Juliette fut réveillée deux minutes avant par un chat revenu de sa fugue sur la pointe des pattes mais pas assez.. La couverture tendue entre ses pieds le trahit en pliant quand il posa les pattes avant.
Elle bougea légèrement et il abandonna toute tentative de discrétion, remontant le long de son corps en roucoulant des trémolos chargés d’émotion.
« Où étais-tu parti ? » murmura-t-elle.
« Miaou… » ou quelque chose dans le style en guise de réponse.
» Dehors, je m’en doute… La chasse fut fructueuse ? »

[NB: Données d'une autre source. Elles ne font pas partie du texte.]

lemma rat_poly_clear_denominators:
  fixes h :: "rat poly"
  obtains d :: int and H :: "int poly" where "d > 0" "map_poly of_int H = Polynomial.smult (of_int d) h"
proof -
  have "\<exists>d H. d > 0 \<and> map_poly (of_int :: int \<Rightarrow> rat) H = Polynomial.smult (of_int d) h"
  proof (induction h)
    case (pCons a h)
    then obtain d H where dH: "d > 0" "map_poly (of_int :: int \<Rightarrow> rat) H = Polynomial.smult (of_int d) h"
      by blast
    obtain n b where nb: "quotient_of a = (n, b)" by force
    have "b > 0" "a = of_int n / of_int b"
      using quotient_of_denom_pos[OF nb] quotient_of_div[OF nb] by simp_all
    then have "map_poly (of_int :: int \<Rightarrow> rat) (pCons (d * n) (Polynomial.smult b H))
        = Polynomial.smult (of_int (d * b)) (pCons a h)"
      using dH by (simp add: map_poly_pCons map_poly_smult mult.commute)
    with \<open>b > 0\<close> \<open>d > 0\<close> show ?case by (metis zero_less_mult_iff)
  qed (rule exI[of _ 1], rule exI[of _ 0], simp)
  with that show ?thesis by blast
qed

lemma content_nonneg_int: "content (q :: int poly) \<ge> 0"
  by (metis normalize_content abs_ge_zero normalize_int_def)

lemma divisor_of_product_eq:
  fixes a b c d :: int
  assumes "a * b = c * d" "a dvd c" "b dvd d" "c > 0" "d > 0" "a \<ge> 0"
  shows "a = c"
proof -
  obtain k l where "c = a * k" "d = b * l" using assms(2,3) by (elim dvdE)
  with assms(1) have "(a * b) * (k * l) = (a * b) * 1" by (simp add: algebra_simps)
  moreover have "a * b \<noteq> 0" using \<open>c = a * k\<close> \<open>d = b * l\<close> assms(4,5) by auto
  ultimately have "k * l = 1" by (simp only: mult_cancel_left) simp
  with \<open>c = a * k\<close> assms(4,6) show ?thesis
    by (metis zmult_eq_1_iff mult.right_neutral mult_minus_right neg_0_less_iff_less
        zero_le_mult_iff not_less)
qed

lemma content_monic: "lead_coeff (q :: int poly) = 1 \<Longrightarrow> content q = 1"
  using content_dvd_coeff[of q "degree q"] is_unit_content_iff content_nonneg_int[of q] by auto
(* For $t\ge t_0$ let $$\epsilon_r(t):=\min\Big\{\frac{(e^{wT_b(t)}-1)(w+\mu)}{W(e^{(w+\mu)T_b(t)}-1)},\ e^{-\bar\mu T_b(t)}\Big\}.$$ Suppose there is no controller update time in $(\tau_l(t),\tau_u(t)]$, that $\|x_e(s)\|_\infty\le d_e(s)$ for all $s$, that $\epsilon(\tau_l(t))\le\epsilon_r(t)$ and that $h_{\rm pf}(\tau_l(t))\le1$. Then $h_{\rm pf}(s)\le1$ for all $s\in[\tau_l(t),\tau_u(t)]$ and $h_{\rm ch}(\tau_u(t))\le1$; in particular $\epsilon(\tau_u(t))\le1$.
   Context: Parameters. $A\in\mathbb{R}^{n\times n}$, $B$, $K$ with $\bar A=A+BK$ Hurwitz; $Q$ symmetric positive definite, $P$ the symmetric positive definite solution of $P\bar A+\bar A^\top P=-Q$, $V(x)=x^\top Px$; $t_0\ge0$, $V_d(t_0)>0$, $\beta>0$, $a>1$ with $W:=\lambda_m(Q)/\lambda_M(P)-a\beta>0$, $V_d(t)=V_d(t_0)e^{-\beta(t-t_0)}$; $w:=\lambda_m(Q)/\lambda_M(P)-\beta$, $\mu:=\|A\|_2+\beta/2$, $\bar\mu:=\|A\|_\infty+\beta/2$, $c:=W\sqrt{\lambda_m(P)}/(2\sqrt n\|PBK\|_2)$, $T>0$, $\rho_T(h_0):=\frac{(w+\mu)(1-h_0)}{W(e^{(w+\mu)T}-1)}+1$. Closed loop: plant $\dot x=Ax+Bu$, $u=K\hat x$, with $\dot{\hat x}=\bar A\hat x$ between controller update times $\tilde r_k$ (at which $\hat x$ jumps); $x_e:=x-\hat x$; $d_e(t):=\|e^{A(t-t_k)}\|_\infty\delta_k$ for $t\in[\tilde r_k,\tilde r_{k+1})$, where $t_k\le\tilde r_k$ is the transmission time of the $k$-th packet of $np_k$ bits, $\delta_{k+1}=2^{-p_{k+1}}d_e(t_{k+1})$. $h_{\rm pf}(t):=V(x(t))/V_d(t)$, $\epsilon(t):=d_e(t)/(c\sqrt{V_d(t)})$, $h_{\rm ch}(t):=\epsilon(t)/\rho_T(h_{\rm pf}(t))$. Channel blackouts: the channel's maximum packet-size function $\bar p:\mathbb{R}_{\ge0}\to\mathbb{Z}_{\ge0}$ is constant on slots $(\theta_j,\theta_{j+1}]$; a blackout is a slot with $\bar p=0$. $\tau_l(t):=\inf\{s\ge t:\bar p(s)=0\}$, $\tau_u(t):=\inf\{s\ge\tau_l(t):\bar p(s)>0\}$ (start and end of the next blackout), $T_b(t):=\tau_u(t)-\tau_l(t)$. *)

theory Defs
  imports "HOL-Analysis.Analysis"
begin

primrec mpow :: "real^'n^'n \<Rightarrow> nat \<Rightarrow> real^'n^'n" where
  "mpow M 0 = mat 1"
| "mpow M (Suc k) = M ** mpow M k"

definition mexp :: "real^'n^'n \<Rightarrow> real^'n^'n" where
  "mexp M = (\<Sum>k. (1 / fact k) *\<^sub>R mpow M k)"

definition real_eigenvalues :: "real^'n^'n \<Rightarrow> real set" where
  "real_eigenvalues M = {l. \<exists>v. v \<noteq> 0 \<and> M *v v = l *\<^sub>R v}"

definition lam_min :: "real^'n^'n \<Rightarrow> real" where
  "lam_min M = Inf (real_eigenvalues M)"

definition lam_max :: "real^'n^'n \<Rightarrow> real" where
  "lam_max M = Sup (real_eigenvalues M)"

definition hurwitz :: "real^'n^'n \<Rightarrow> bool" where
  "hurwitz M \<longleftrightarrow> (\<forall>l (v::complex^'n). v \<noteq> 0 \<and>
      (\<chi> i j. complex_of_real (M$i$j)) *v v = l *s v \<longrightarrow> Re l < 0)"

definition symmetric_mat :: "real^'n^'n \<Rightarrow> bool" where
  "symmetric_mat M \<longleftrightarrow> transpose M = M"

definition pos_def :: "real^'n^'n \<Rightarrow> bool" where
  "pos_def M \<longleftrightarrow> symmetric_mat M \<and> (\<forall>x. x \<noteq> 0 \<longrightarrow> x \<bullet> (M *v x) > 0)"

definition norm2 :: "real^'m^'n \<Rightarrow> real" where
  "norm2 M = onorm (\<lambda>x. M *v x)"

definition norminf :: "real^'m^'n \<Rightarrow> real" where
  "norminf M = Max (range (\<lambda>i. \<Sum>j\<in>UNIV. \<bar>M$i$j\<bar>))"

definition tau_l :: "(real \<Rightarrow> nat) \<Rightarrow> real \<Rightarrow> real" where
  "tau_l pbar t = Inf {s. s \<ge> t \<and> pbar s = 0}"

definition tau_u :: "(real \<Rightarrow> nat) \<Rightarrow> real \<Rightarrow> real" where
  "tau_u pbar t = Inf {s. s \<ge> tau_l pbar t \<and> pbar s > 0}"

definition T_b :: "(real \<Rightarrow> nat) \<Rightarrow> real \<Rightarrow> real" where
  "T_b pbar t = tau_u pbar t - tau_l pbar t"

end

theory Submission
  imports Defs
begin

text \<open>During a blackout the controller runs open loop, so the estimation error \<open>x - x\<^sub>h\<close> obeys
  \<open>e' = A e\<close> and grows at most like \<open>e^{\<parallel>A\<parallel>\<^sub>2 s}\<close>. Along the plant trajectory the ratio \<open>h = V / V\<^sub>d\<close>
  then satisfies \<open>h' \<le> -w h + W \<epsilon>(\<tau>\<^sub>l) e^{\<mu>(s - \<tau>\<^sub>l)} \<surd>h\<close>. Near \<open>h = 1\<close> the square root is
  majorized by \<open>(1 + h) / 2\<close>, and comparison with the solution of the resulting linear equation
  gives \<open>h \<le> 1\<close> on the whole blackout provided \<open>\<epsilon>(\<tau>\<^sub>l)\<close> is below the first term of \<open>\<epsilon>\<^sub>r\<close>.
  The second term of \<open>\<epsilon>\<^sub>r\<close> absorbs the growth of \<open>\<epsilon>\<close> itself: \<open>d\<^sub>e\<close> grows at most like
  \<open>e^{\<parallel>A\<parallel>\<^sub>\<infinity> T\<^sub>b}\<close> while \<open>\<surd>V\<^sub>d\<close> decays like \<open>e^{-\<beta> T\<^sub>b / 2}\<close>.\<close>

section \<open>The matrix exponential\<close>

text \<open>Square real matrices are not a normed algebra in the library, so they are transported to
  bounded linear endomorphisms, where \<open>exp\<close> and its derivative are available.\<close>

typedef (overloaded) 'n linop = "UNIV :: ((real^'n::finite) \<Rightarrow>\<^sub>L (real^'n)) set" by auto
setup_lifting type_definition_linop
definition spectral_proj :: "'v set \<Rightarrow> complex^'n^'n" where
  "spectral_proj S = (\<Sum>a\<in>\<Omega> \<inter> S. weight_proj a)"

lemma herm_spectral_proj: "herm (spectral_proj S)"
  unfolding herm_def spectral_proj_def cadj_sum
  using herm_weight_proj by (auto simp: herm_def intro: sum.cong)

lemma spectral_proj_on_weight_space:
  assumes "a \<in> \<Omega>" and "x \<in> H a"
  shows "spectral_proj S *v x = (if a \<in> S then x else 0)"
proof -
  have "spectral_proj S *v x = (\<Sum>c\<in>\<Omega> \<inter> S. if c = a then x else 0)"
    unfolding spectral_proj_def matrix_vector_mult_sum_left
    using weight_proj_on_weight_space[OF _ assms] by (intro sum.cong) auto
  also have "\<dots> = (if a \<in> S then x else 0)" using finite_weights assms(1) by (simp add: sum.delta)
  finally show ?thesis .
qed

lemma spectral_proj_mult_weight_proj:
  "a \<in> \<Omega> \<Longrightarrow> spectral_proj S ** weight_proj a = (if a \<in> S then weight_proj a else 0)"
  by (simp add: matrix_eq matrix_vector_mul_assoc[symmetric] spectral_proj_on_weight_space
      weight_proj_in_weight_space)

lemma weight_proj_mult_spectral_proj:
  assumes "a \<in> \<Omega>"
  shows "weight_proj a ** spectral_proj S = (if a \<in> S then weight_proj a else 0)"
proof -
  have "weight_proj a ** spectral_proj S = cadj (spectral_proj S ** weight_proj a)"
    using herm_spectral_proj herm_weight_proj[OF assms] by (simp add: cadj_mult herm_def)
  then show ?thesis
    using herm_weight_proj[OF assms] by (simp add: spectral_proj_mult_weight_proj[OF assms]
        herm_def)
qed

lemma spectral_proj_idem: "spectral_proj S ** spectral_proj S = spectral_proj S"
proof -
  have "spectral_proj S ** spectral_proj S = (\<Sum>a\<in>\<Omega> \<inter> S. spectral_proj S ** weight_proj a)"
    by (subst (2) spectral_proj_def) (rule matrix_mult_sum_right)
  also have "\<dots> = spectral_proj S"
    by (simp add: spectral_proj_mult_weight_proj) (simp add: spectral_proj_def)
  finally show ?thesis .
qed

lemma spectral_proj_commute: "spectral_proj S ** \<iota> v = \<iota> v ** spectral_proj S"
  by (simp add: iota_spectral matrix_mult_sum_right matrix_mult_sum_left matrix_mult_scaleR_right
      scalar_matrix_assoc[symmetric] spectral_proj_mult_weight_proj weight_proj_mult_spectral_proj
      cong: sum.cong)

lemma facet_space_eq_fixed_points: "facet_space \<iota> S = {x. spectral_proj S *v x = x}"
proof (intro set_eqI iffI)
  fix x assume "x \<in> facet_space \<iota> S"
  then obtain \<psi> where \<psi>: "\<forall>a\<in>\<Omega> \<inter> S. \<psi> a \<in> H a" and x: "x = (\<Sum>a\<in>\<Omega> \<inter> S. \<psi> a)"
    by (auto simp: facet_space_def)
  have "spectral_proj S *v x = (\<Sum>a\<in>\<Omega> \<inter> S. spectral_proj S *v \<psi> a)"
    by (simp add: x matrix_vector_mult_sum_right)
  also have "\<dots> = x" unfolding x using \<psi> spectral_proj_on_weight_space by (intro sum.cong) auto
  finally show "x \<in> {x. spectral_proj S *v x = x}" by simp
next
  fix x assume "x \<in> {x. spectral_proj S *v x = x}"
  then have "x = (\<Sum>a\<in>\<Omega> \<inter> S. weight_proj a *v x)"
    by (simp add: spectral_proj_def matrix_vector_mult_sum_left)
  then show "x \<in> facet_space \<iota> S" unfolding facet_space_def using weight_proj_in_weight_space by
      blast
qed

lemma range_spectral_proj: "range (\<lambda>x. spectral_proj S *v x) = facet_space \<iota> S"
proof -
  have "spectral_proj S *v (spectral_proj S *v y) = spectral_proj S *v y" for y
    by (simp add: matrix_vector_mul_assoc spectral_proj_idem)
  then show ?thesis by (auto simp: facet_space_eq_fixed_points) (metis rangeI)
qed

lemma weight_prob_outside_zero_iff:
  assumes G: "density_op G"
  shows "(\<forall>a\<in>\<Omega> - S. weight_prob G a = 0) \<longleftrightarrow> G = spectral_proj S ** G ** spectral_proj S"
proof
  assume "\<forall>a\<in>\<Omega> - S. weight_prob G a = 0"
  then have "G ** weight_proj a = 0" if "a \<in> \<Omega> - S" for a
    using mult_weight_proj_eq_0_if_weight_prob_eq_0[OF G] that by blast
  then have "G ** spectral_proj S = (\<Sum>a\<in>\<Omega>. G ** weight_proj a)"
    unfolding spectral_proj_def matrix_mult_sum_right
    by (intro sum.mono_neutral_left) (auto simp: finite_weights)
  then have GQ: "G ** spectral_proj S = G"
    by (simp add: matrix_mult_sum_right[symmetric] sum_weight_proj)
  moreover have "spectral_proj S ** G = G"
    using GQ G herm_spectral_proj by (metis cadj_mult density_op_def herm_def)
  ultimately show "G = spectral_proj S ** G ** spectral_proj S" by (simp add: matrix_mul_assoc)
next
  assume fixed: "G = spectral_proj S ** G ** spectral_proj S"
  show "\<forall>a\<in>\<Omega> - S. weight_prob G a = 0"
  proof
    fix a assume a: "a \<in> \<Omega> - S"
    have "G ** weight_proj a = spectral_proj S ** G ** (spectral_proj S ** weight_proj a)"
      by (subst fixed) (simp add: matrix_mul_assoc)
    then show "weight_prob G a = 0"
      using a by (simp add: spectral_proj_mult_weight_proj weight_prob_def trace_def)
  qed
qed

lemma iota_star_in_face_iff:
  assumes "F face_of convex hull \<Omega>" and "density_op G"
  shows "iota_star \<iota> G \<in> F \<longleftrightarrow> G = spectral_proj F ** G ** spectral_proj F"
  using convex_combination_in_face_iff[OF finite_weights assms(1)] weight_prob_nonneg[OF assms(2)]
    sum_weight_prob[OF assms(2)] weight_prob_outside_zero_iff[OF assms(2)]
  by (simp add: iota_star_eq_convex_combination)

end

section \<open>Compression to the weights of a subset\<close>

locale weight_compression = abelian_hermitian_map \<iota> for \<iota> :: "'v::euclidean_space \<Rightarrow> complex^'n^'n" +
  fixes F :: "'v set" and Pj :: "complex^'n^'m"
  assumes coisometry: "Pj ** cadj Pj = mat 1"
    and range_cadj: "range (\<lambda>x. cadj Pj *v x) = facet_space \<iota> F"
begin

abbreviation \<iota>F where "\<iota>F \<equiv> (\<lambda>v. Pj ** \<iota> v ** cadj Pj)"

lemma cadj_mult_eq_spectral_proj: "cadj Pj ** Pj = spectral_proj F"
proof (rule herm_eq_if_mutually_absorbing)
  show "herm (cadj Pj ** Pj)" by (simp add: herm_def cadj_mult)
  show "herm (spectral_proj F)" by (rule herm_spectral_proj)
  have "cadj Pj ** Pj *v (cadj Pj *v x) = cadj Pj *v x" for x
    by (simp add: matrix_vector_mul_assoc matrix_mul_assoc[symmetric] coisometry)
  then show "cadj Pj ** Pj ** spectral_proj F = spectral_proj F"
    using range_spectral_proj[of F] range_cadj
    by (simp add: matrix_eq matrix_vector_mul_assoc[symmetric]) (metis rangeE rangeI)
  have "spectral_proj F *v (cadj Pj *v x) = cadj Pj *v x" for x
    using range_cadj by (auto simp: facet_space_eq_fixed_points)
  then show "spectral_proj F ** (cadj Pj ** Pj) = cadj Pj ** Pj"
    by (simp add: matrix_eq matrix_vector_mul_assoc[symmetric])
qed

lemma Pj_mult_spectral_proj: "Pj ** spectral_proj F = Pj"
  by (simp add: cadj_mult_eq_spectral_proj[symmetric] matrix_mul_assoc coisometry)

lemma spectral_proj_mult_cadj: "spectral_proj F ** cadj Pj = cadj Pj"
  by (simp add: cadj_mult_eq_spectral_proj[symmetric] matrix_mul_assoc[symmetric] coisometry)

lemma compression_mult: "\<iota>F v ** \<iota>F w = Pj ** (\<iota> v ** \<iota> w) ** cadj Pj"
proof -
  have "\<iota>F v ** \<iota>F w = Pj ** \<iota> v ** (spectral_proj F ** \<iota> w) ** cadj Pj"
    by (simp add: cadj_mult_eq_spectral_proj[symmetric] matrix_mul_assoc)
  also have "\<dots> = Pj ** \<iota> v ** \<iota> w ** (spectral_proj F ** cadj Pj)"
    by (simp add: spectral_proj_commute matrix_mul_assoc)
  finally show ?thesis by (simp add: spectral_proj_mult_cadj matrix_mul_assoc)
qed

lemma abelian_hermitian_map_compression: "abelian_hermitian_map \<iota>F"
proof -
  have "linear \<iota>F"
    unfolding linear_iff
    by (simp add: linear_add[OF linear_iota] linear_cmul[OF linear_iota] matrix_add_ldistrib
        matrix_add_rdistrib matrix_mult_scaleR_right scalar_matrix_assoc[symmetric])
  moreover have "herm (Pj ** \<iota> v ** cadj Pj)" for v by (rule herm_sandwich[OF herm_iota])
  moreover have "abelian \<iota>F" by (simp add: abelian_def compression_mult iota_commute)
  ultimately show ?thesis by (simp add: abelian_hermitian_map_def)
qed

lemma Pj_cadj_vector [simp]: "Pj *v (cadj Pj *v x) = x"
  by (simp add: matrix_vector_mul_assoc coisometry)

lemma cadj_intertwines: "cadj Pj *v (\<iota>F v *v x) = \<iota> v *v (cadj Pj *v x)"
proof -
  have "cadj Pj ** \<iota>F v = spectral_proj F ** \<iota> v ** cadj Pj"
    by (simp add: matrix_mul_assoc cadj_mult_eq_spectral_proj)
  also have "\<dots> = \<iota> v ** cadj Pj"
    by (simp add: spectral_proj_commute matrix_mul_assoc[symmetric] spectral_proj_mult_cadj)
  finally show ?thesis by (simp add: matrix_vector_mul_assoc)
qed

lemma weight_space_compression: "x \<in> weight_space \<iota>F a \<longleftrightarrow> cadj Pj *v x \<in> H a"
proof
  assume "x \<in> weight_space \<iota>F a"
  then show "cadj Pj *v x \<in> H a"
    by (simp add: weight_space_def weight_space_iff cadj_intertwines[symmetric]
        vector_scalar_commute)
next
  assume x: "cadj Pj *v x \<in> H a"
  have "\<iota>F v *v x = Pj *v (\<iota> v *v (cadj Pj *v x))" for v
    by (metis Pj_cadj_vector cadj_intertwines)
  then show "x \<in> weight_space \<iota>F a"
    using x by (simp add: weight_space_def weight_space_iff vector_scalar_commute)
qed

lemma weights_compression: "weights \<iota>F = \<Omega> \<inter> F"
proof (intro set_eqI iffI)
  fix a assume "a \<in> weights \<iota>F"
  then obtain x where x: "x \<in> weight_space \<iota>F a" "x \<noteq> 0"
    using abelian_hermitian_map.weights_iff[OF abelian_hermitian_map_compression] by blast
  then have \<psi>: "cadj Pj *v x \<in> H a" "cadj Pj *v x \<noteq> 0"
    using weight_space_compression Pj_cadj_vector[of x] by (auto simp del: Pj_cadj_vector)
  then have a: "a \<in> \<Omega>" using weights_iff by blast
  have "spectral_proj F *v (cadj Pj *v x) = cadj Pj *v x"
    by (simp add: matrix_vector_mul_assoc spectral_proj_mult_cadj)
  then have "a \<in> F" using spectral_proj_on_weight_space[OF a \<psi>(1)] \<psi>(2) by (auto split: if_splits)
  then show "a \<in> \<Omega> \<inter> F" using a by blast
next
  fix a assume a: "a \<in> \<Omega> \<inter> F"
  then obtain \<psi> where \<psi>: "\<psi> \<in> H a" "\<psi> \<noteq> 0" using weights_iff by blast
  have "cadj Pj *v (Pj *v \<psi>) = \<psi>"
    using spectral_proj_on_weight_space[OF _ \<psi>(1)] a
    by (simp add: matrix_vector_mul_assoc cadj_mult_eq_spectral_proj)
  then have "Pj *v \<psi> \<in> weight_space \<iota>F a" "Pj *v \<psi> \<noteq> 0"
    using \<psi> weight_space_compression by auto
  then show "a \<in> weights \<iota>F"
    using abelian_hermitian_map.weights_iff[OF abelian_hermitian_map_compression] by blast
qed

lemma dim_compression_vimage_span_one:
  assumes "F facet_of convex hull \<Omega>"
  shows "dim (\<iota>F -` span {mat 1}) = dim (\<iota> -` span {mat 1}) + 1"
proof -
  have "\<Omega> \<inter> F \<noteq> {}"
    using assms face_of_convex_hull_finite[OF finite_weights facet_of_imp_face_of[OF assms]]
    by (auto simp: facet_of_def)
  then have "int (dim (\<iota>F -` span {mat 1})) = int DIM('v) - aff_dim (\<Omega> \<inter> F)"
    using abelian_hermitian_map.iota_vimage_span_one[OF abelian_hermitian_map_compression]
    by (simp add: weights_compression dim_inner_constant_on)
  also have "\<dots> = int (dim (\<iota> -` span {mat 1})) + 1"
    using aff_dim_facet_of_convex_hull[OF finite_weights assms] weights_nonempty
    by (simp add: iota_vimage_span_one dim_inner_constant_on)
  finally show ?thesis by simp
qed
lemma tilted_sin_increment_le_clamped:
  assumes "0 \<le> c" "c \<le> pi" "-pi \<le> a" "a \<le> b" "b \<le> pi"
  shows "tilted_sin c b - tilted_sin c a \<le> clamped_tilted_sin c b - clamped_tilted_sin c a"
proof -
  define D where "D x = tilted_sin c x - clamped_tilted_sin c x" for x
  have D_nonneg: "0 \<le> D x" if "-pi \<le> x" "x \<le> c" for x
  proof (cases "x \<le> -c")
    case True
    then show ?thesis
      using tilted_sin_antimono[of c x "-c"] assms that unfolding D_def clamped_tilted_sin_def by auto
  qed (use that in \<open>auto simp: D_def clamped_tilted_sin_def\<close>)
  have D_nonpos: "D x \<le> 0" if "-c \<le> x" "x \<le> pi" for x
  proof (cases "c \<le> x")
    case True
    then show ?thesis
      using tilted_sin_antimono[of c c x] assms that unfolding D_def clamped_tilted_sin_def by auto
  qed (use that in \<open>auto simp: D_def clamped_tilted_sin_def\<close>)
  have "D b \<le> D a"
  proof -
    consider "b \<le> -c" | "c \<le> a" | "a \<le> c" "-c \<le> b" by linarith
    then show ?thesis
    proof cases
      case 1
      then show ?thesis
        using tilted_sin_antimono[of c a b] assms unfolding D_def clamped_tilted_sin_def by auto
    next
      case 2
      then show ?thesis
        using tilted_sin_antimono[of c a b] assms unfolding D_def clamped_tilted_sin_def by auto
    next
      case 3
      then show ?thesis using D_nonneg[of a] D_nonpos[of b] assms by linarith
    qed
  qed
  then show ?thesis unfolding D_def by linarith
qed

lemma weighted_sin_increment_le:
  assumes "0 \<le> c" "c \<le> pi" "0 \<le> h" "h \<le> pi" "\<bar>x\<bar> \<le> pi/2" "0 \<le> w" "w \<le> 1"
  shows "w * (sin (x + h/2) - sin (x - h/2))
           \<le> clamped_tilted_sin c (x + h/2) - clamped_tilted_sin c (x - h/2) + w * h * cos c"
proof -
  define \<Delta> where "\<Delta> = sin (x + h/2) - sin (x - h/2) - h * cos c"
  define \<Delta>G where "\<Delta>G = clamped_tilted_sin c (x + h/2) - clamped_tilted_sin c (x - h/2)"
  have "\<Delta> \<le> \<Delta>G"
    using tilted_sin_increment_le_clamped[of c "x - h/2" "x + h/2"] assms
    unfolding \<Delta>_def \<Delta>G_def tilted_sin_def by (simp add: algebra_simps)
  moreover have "0 \<le> \<Delta>G"
    using mono_clamped_tilted_sin[of c] assms unfolding \<Delta>G_def by (simp add: monoD)
  moreover have "w * \<Delta> \<le> max 0 \<Delta>"
    using assms mult_left_le_one_le[of \<Delta> w] mult_nonneg_nonpos[of w \<Delta>] by (cases "0 \<le> \<Delta>") auto
  ultimately have "w * \<Delta> \<le> \<Delta>G" by linarith
  then show ?thesis unfolding \<Delta>_def \<Delta>G_def by (simp add: algebra_simps)
qed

En tous cas, il ne semblait se plaindre ni de son escapade ni d’être rentré. Elle leva le bras et il vint automatiquement se pelotonner dans l’espace. Elle reposa délicatement la main.
C’est à cet instant que le portable vibra, quelque part sur le parquet, au pied du divan. Juliette fit mine de ne pas entendre. Clairement plus envie de bouger, ils étaient si bien tous les deux, Monsieur en émoi lui griffant avec tendresse l’avant-bras. La faible clarté disparut quelques secondes plus tard et elle s’assoupit quasi instantanément.
Elle se réveilla en sursaut un instant imprécis plus tard. Elle chercha à se reconnecter. Où était-elle ?… Elle reprit conscience : le salon, chez Alexandre… « Alexandre ! » Elle tendit le bras, le chat grommela, sauta du divan puis trottina au loin.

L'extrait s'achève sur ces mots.